EXERCISE GOAL:
Scan the entries below for the word "subseteq" and copy every line where it turns up.

───── EXTRACTED RECORDS ─────

(* Fix an iteration $t\ge 1$ of importance-sampling-based BoostTransformer, with current aggregated predictor $f_{t-1}$, and let $f^*$ be a minimizer of the risk $\mathcal{R}$. For a probability distribution $P_t=(P_t^1,\dots,P_t^n)$ on $\{1,\dots,n\}$ with all $P_t^i>0$, let the multiset $\mathcal{I}^t=\{i_1,\dots,i_m\}$ ($m\ge 1$) be drawn by sampling $m$ indices independently according to $P_t$, define the importance-weighted functional gradient estimate $$\bar g_t^{\mathcal{I}^t}=\frac{1}{m}\sum_{k=1}^{m}\frac{1}{n\,P_t^{i_k}}\,g_t^{i_k},$$ the update $f_t=f_{t-1}+\alpha_t\,\bar g_t^{\mathcal{I}^t}$ with a fixed step $\alpha_t\in\mathbb{R}$ (not depending on $P_t$), and the expected training progress $$\mathbb{E}_{P_t}\big[\Delta^{(t)}\big]=\|f_{t-1}-f^*\|^2-\mathbb{E}_{P_t}\big[\|f_t-f^*\|^2\,\big|\,\mathcal{F}^{t-1}\big].$$ Then the distribution $$P_t^i=\frac{\|w(x_i,z_i)\|}{\sum_{j=1}^{n}\|w(x_j,z_j)\|},\qquad i=1,\dots,n,$$ maximizes $\mathbb{E}_{P_t}[\Delta^{(t)}]$ over all such distributions $P_t$; that is, the optimal probability of selecting sample $i$ is proportional to the norm of its boosting weight vector.
   Context: Multiclass boosting setting: training set $\mathcal{D}=\{(x_1,z_1),\dots,(x_n,z_n)\}$ with labels $z_i\in\{1,\dots,M\}$; predictors $f:\mathcal{X}\to\mathbb{R}^M$ with components $f_k$. The loss is $L(z,f(x))=\sum_{j\ne z}e^{\frac12[f_z(x)-f_j(x)]}$ and the risk is $\mathcal{R}[f]=\frac{1}{n}\sum_{i=1}^n L(z_i,f(x_i))$. The boosting weight vector $w(x,z)\in\mathbb{R}^M$ at the current predictor $f=f_{t-1}$ is $w_k(x,z)=-e^{-\frac12[f_z(x)-f_k(x)]}$ for $k\ne z$ and $w_z(x,z)=\sum_{j\ne z}e^{-\frac12[f_z(x)-f_j(x)]}$. Predictors and functional gradients are regarded as elements of a real inner product space with norm $\|\cdot\|$. For each sample $i$, $g_t^i$ denotes the functional (directional) gradient of the $i$-th loss term $L(z_i,\cdot)$ at $f_{t-1}$, and the full functional gradient is $g_t=\frac1n\sum_{i=1}^n g_t^i$; as in the paper, the per-sample gradient is identified with the boosting weight up to a common positive scale, so $\|g_t^i\|=\beta\,\|w(x_i,z_i)\|$ for a fixed $\beta>0$. The importance-weighted estimate is unbiased: $\mathbb{E}_{P_t}[\bar g_t^{\mathcal{I}^t}]=g_t$. $\mathcal{F}^{t-1}$ denotes the history of the algorithm up to iteration $t-1$ (so $f_{t-1}$, the $w(x_i,z_i)$ and the $g_t^i$ are fixed given $\mathcal{F}^{t-1}$). *)

theory Defs
  imports "HOL-Analysis.Analysis" "HOL-Library.FuncSet"
begin
lemma rpd_invertible:
  assumes "rpd P"
  shows "invertible P"
proof -
  have "x = 0" if "P *v x = 0" for x
    using assms that unfolding rpd_def by (metis inner_zero_right less_irrefl)
  then show ?thesis using matrix_left_invertible_ker invertible_left_inverse by blast
qed

lemma rpd_sqrt_exists:
  fixes P :: "real^'n^'n"
  assumes P: "rpd P"
  shows "\<exists>S. rpd S \<and> S ** S = P"
proof -
  obtain B where B: "finite B" "pairwise orthogonal B" "\<forall>b\<in>B. norm b = 1"
     "\<forall>b\<in>B. P *v b = (b \<bullet> (P *v b)) *\<^sub>R b" "span B = UNIV"
    using symmetric_orthonormal_eigenbasis P unfolding rpd_def by metis
  define e where "e b = b \<bullet> (P *v b)" for b
  have e_pos: "e b > 0" if "b \<in> B" for b
    using P B(3) that unfolding rpd_def e_def by (metis norm_zero zero_neq_one)
  obtain S where S: "transpose S = S" "\<forall>b\<in>B. S *v b = sqrt (e b) *\<^sub>R b"
    "\<forall>x. x \<bullet> (S *v x) = (\<Sum>b\<in>B. sqrt (e b) * (b \<bullet> x)\<^sup>2)"
    using symmetric_matrix_from_eigenpairs[OF B(1-3), of "\<lambda>b. sqrt (e b)"] by blast
  have "S ** S = P"
  proof (rule matrix_eq_on_spanning_set[OF B(5)], intro ballI)
    fix b assume b: "b \<in> B"
    have "(S ** S) *v b = sqrt (e b) *\<^sub>R sqrt (e b) *\<^sub>R b"
      using S(2) b by (simp add: matrix_vector_mult_scaleR flip: matrix_vector_mul_assoc)
    also have "\<dots> = e b *\<^sub>R b"
      using e_pos[OF b] by simp
    also have "\<dots> = P *v b"
      using B(4) b unfolding e_def by metis
    finally show "(S ** S) *v b = P *v b" .
  qed
  moreover have "x \<bullet> (S *v x) > 0" if "x \<noteq> 0" for x
  proof -
    have "(\<Sum>b\<in>B. (x \<bullet> b) *\<^sub>R b) = x"
      using B by (intro orthonormal_basis_expand) auto
    with \<open>x \<noteq> 0\<close> obtain b where b: "b \<in> B" "b \<bullet> x \<noteq> 0"
      by (metis (no_types, lifting) inner_commute scale_eq_0_iff sum.neutral)
    have "(\<Sum>c\<in>B. sqrt (e c) * (c \<bullet> x)\<^sup>2) > 0"
      using b e_pos by (intro sum_pos2[OF B(1) b(1)]) (auto simp: less_imp_le)
    with S(3) show ?thesis by simp
  qed
  ultimately show ?thesis using S(1) unfolding rpd_def by blast
qed
lemma atomless_exists_small_subset:
  assumes P: "prob_space M" and at: "atomless M" and A: "A \<in> sets M" and pos: "measure M A > 0"
    and e: "e > 0"
  shows "\<exists>B\<in>sets M. B \<subseteq> A \<and> 0 < measure M B \<and> measure M B \<le> e"
proof -
  interpret prob_space M by fact
  have halved: "\<exists>B\<in>sets M. B \<subseteq> A \<and> 0 < measure M B \<and> 2 ^ k * measure M B \<le> measure M A" for k
  proof (induction k)
    case 0
    show ?case using A pos by auto
  next
    case (Suc k)
    then obtain B where B: "B \<in> sets M" "B \<subseteq> A" "0 < measure M B" "2 ^ k * measure M B \<le> measure M A"
      by blast
    obtain B' where B': "B' \<in> sets M" "B' \<subseteq> B" "0 < measure M B'" "2 * measure M B' \<le> measure M B"
      using atomless_exists_half_subset[OF P at B(1,3)] by blast
    have "2 ^ Suc k * measure M B' \<le> 2 ^ k * measure M B"
      using B'(4) by simp
    then have "2 ^ Suc k * measure M B' \<le> measure M A"
      using B(4) by linarith
    then show ?case using B B' by (intro bexI[of _ B']) auto
  qed
  obtain k where k: "1 / e < 2 ^ k" using real_arch_pow[of 2 "1 / e"] by auto
  obtain B where B: "B \<in> sets M" "B \<subseteq> A" "0 < measure M B" "2 ^ k * measure M B \<le> measure M A"
    using halved by blast
  have "1 / e * measure M B \<le> 2 ^ k * measure M B"
    using k B(3) by (intro mult_right_mono) auto
  also have "\<dots> \<le> 1" using B(4) prob_le_1[of A] by linarith
  finally have "measure M B \<le> e" using e by (simp add: field_simps)
  then show ?thesis using B by blast
qed
text \<open>Transitions between charts of \<open>A\<close>, read through the shell, are differentiable at
  every point of \<open>\<phi> ` (U \<inter> V)\<close>, not only at points of the kernel.\<close>

lemma shell_transition:
  assumes U: "(U, \<phi>) \<in> A" "\<eta> \<in> U" and V: "(V, \<psi>) \<in> A" "\<eta> \<in> V"
  obtains H H' where "\<And>p. p \<in> U \<inter> V \<Longrightarrow> H (\<phi> p) = e (\<psi> p)"
    "\<And>x. x \<in> \<phi> ` (U \<inter> V) \<Longrightarrow> (H has_derivative (\<lambda>h. blinfun_apply (H' x) (e h))) (at x)"
    "continuous_on (\<phi> ` (U \<inter> V)) H'"
proof -
  obtain Ut \<phi>t where Ut: "(Ut, \<phi>t) \<in> At" "U = Ut \<inter> topspace T" "\<forall>p\<in>U. e (\<phi> p) = \<phi>t p"
    using shell_chart[OF U(1)] by blast
  obtain Vt \<psi>t where Vt: "(Vt, \<psi>t) \<in> At" "V = Vt \<inter> topspace T" "\<forall>p\<in>V. e (\<psi> p) = \<psi>t p"
    using shell_chart[OF V(1)] by blast
  have "chart0 e \<phi>t p = \<phi> p" if "p \<in> U" for p
    using that by (simp add: chart0_def inv_f_f[OF inj_e] Ut(3)[rule_format, symmetric])
  moreover have "Ut \<inter> Vt \<inter> topspace T = U \<inter> V" using Ut(2) Vt(2) by blast
  ultimately have dom: "trans_dom T e Ut \<phi>t Vt = \<phi> ` (U \<inter> V)"
    unfolding trans_dom_def by (metis (no_types, lifting) IntD1 image_cong)
  have "\<eta> \<in> Ut" "\<eta> \<in> Vt" using U(2) V(2) Ut(2) Vt(2) by blast+
  then have "frakC1 e (\<phi> ` (U \<inter> V)) (trans_map e Ut \<phi>t \<psi>t)"
    using c1_embedded_frakC1_trans_map[OF shell eta_topspace Ut(1) Vt(1)] dom by simp
  then obtain H' where
    "\<And>x. x \<in> \<phi> ` (U \<inter> V) \<Longrightarrow> (trans_map e Ut \<phi>t \<psi>t has_derivative (\<lambda>h. blinfun_apply (H' x) (e h))) (at x)"
    "continuous_on (\<phi> ` (U \<inter> V)) H'"
    using frakC1_has_derivative[OF _ open_chart_image_Int[OF U(1) V(1)] bounded_linear_e] by blast
  moreover have "trans_map e Ut \<phi>t \<psi>t (\<phi> p) = e (\<psi> p)" if "p \<in> U \<inter> V" for p
  proof -
    have "inv_into Ut \<phi>t (\<phi>t p) = p"
      using inv_into_f_f[OF local_chart_inj_on[OF c1_embedded_local_chart[OF shell Ut(1)]]] that Ut(2) by blast
    then show ?thesis unfolding trans_map_def using that Ut(3) Vt(3) by simp
  qed
  ultimately show ?thesis using that by blast
qed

─────

TASK OUTPUT:
  shows "\<exists>B\<in>sets M. B \<subseteq> A \<and> 0 < measure M B \<and> measure M B \<le> e"
  have halved: "\<exists>B\<in>sets M. B \<subseteq> A \<and> 0 < measure M B \<and> 2 ^ k * measure M B \<le> measure M A" for k
    then obtain B where B: "B \<in> sets M" "B \<subseteq> A" "0 < measure M B" "2 ^ k * measure M B \<le> measure M A"
    obtain B' where B': "B' \<in> sets M" "B' \<subseteq> B" "0 < measure M B'" "2 * measure M B' \<le> measure M B"
  obtain B where B: "B \<in> sets M" "B \<subseteq> A" "0 < measure M B" "2 ^ k * measure M B \<le> measure M A"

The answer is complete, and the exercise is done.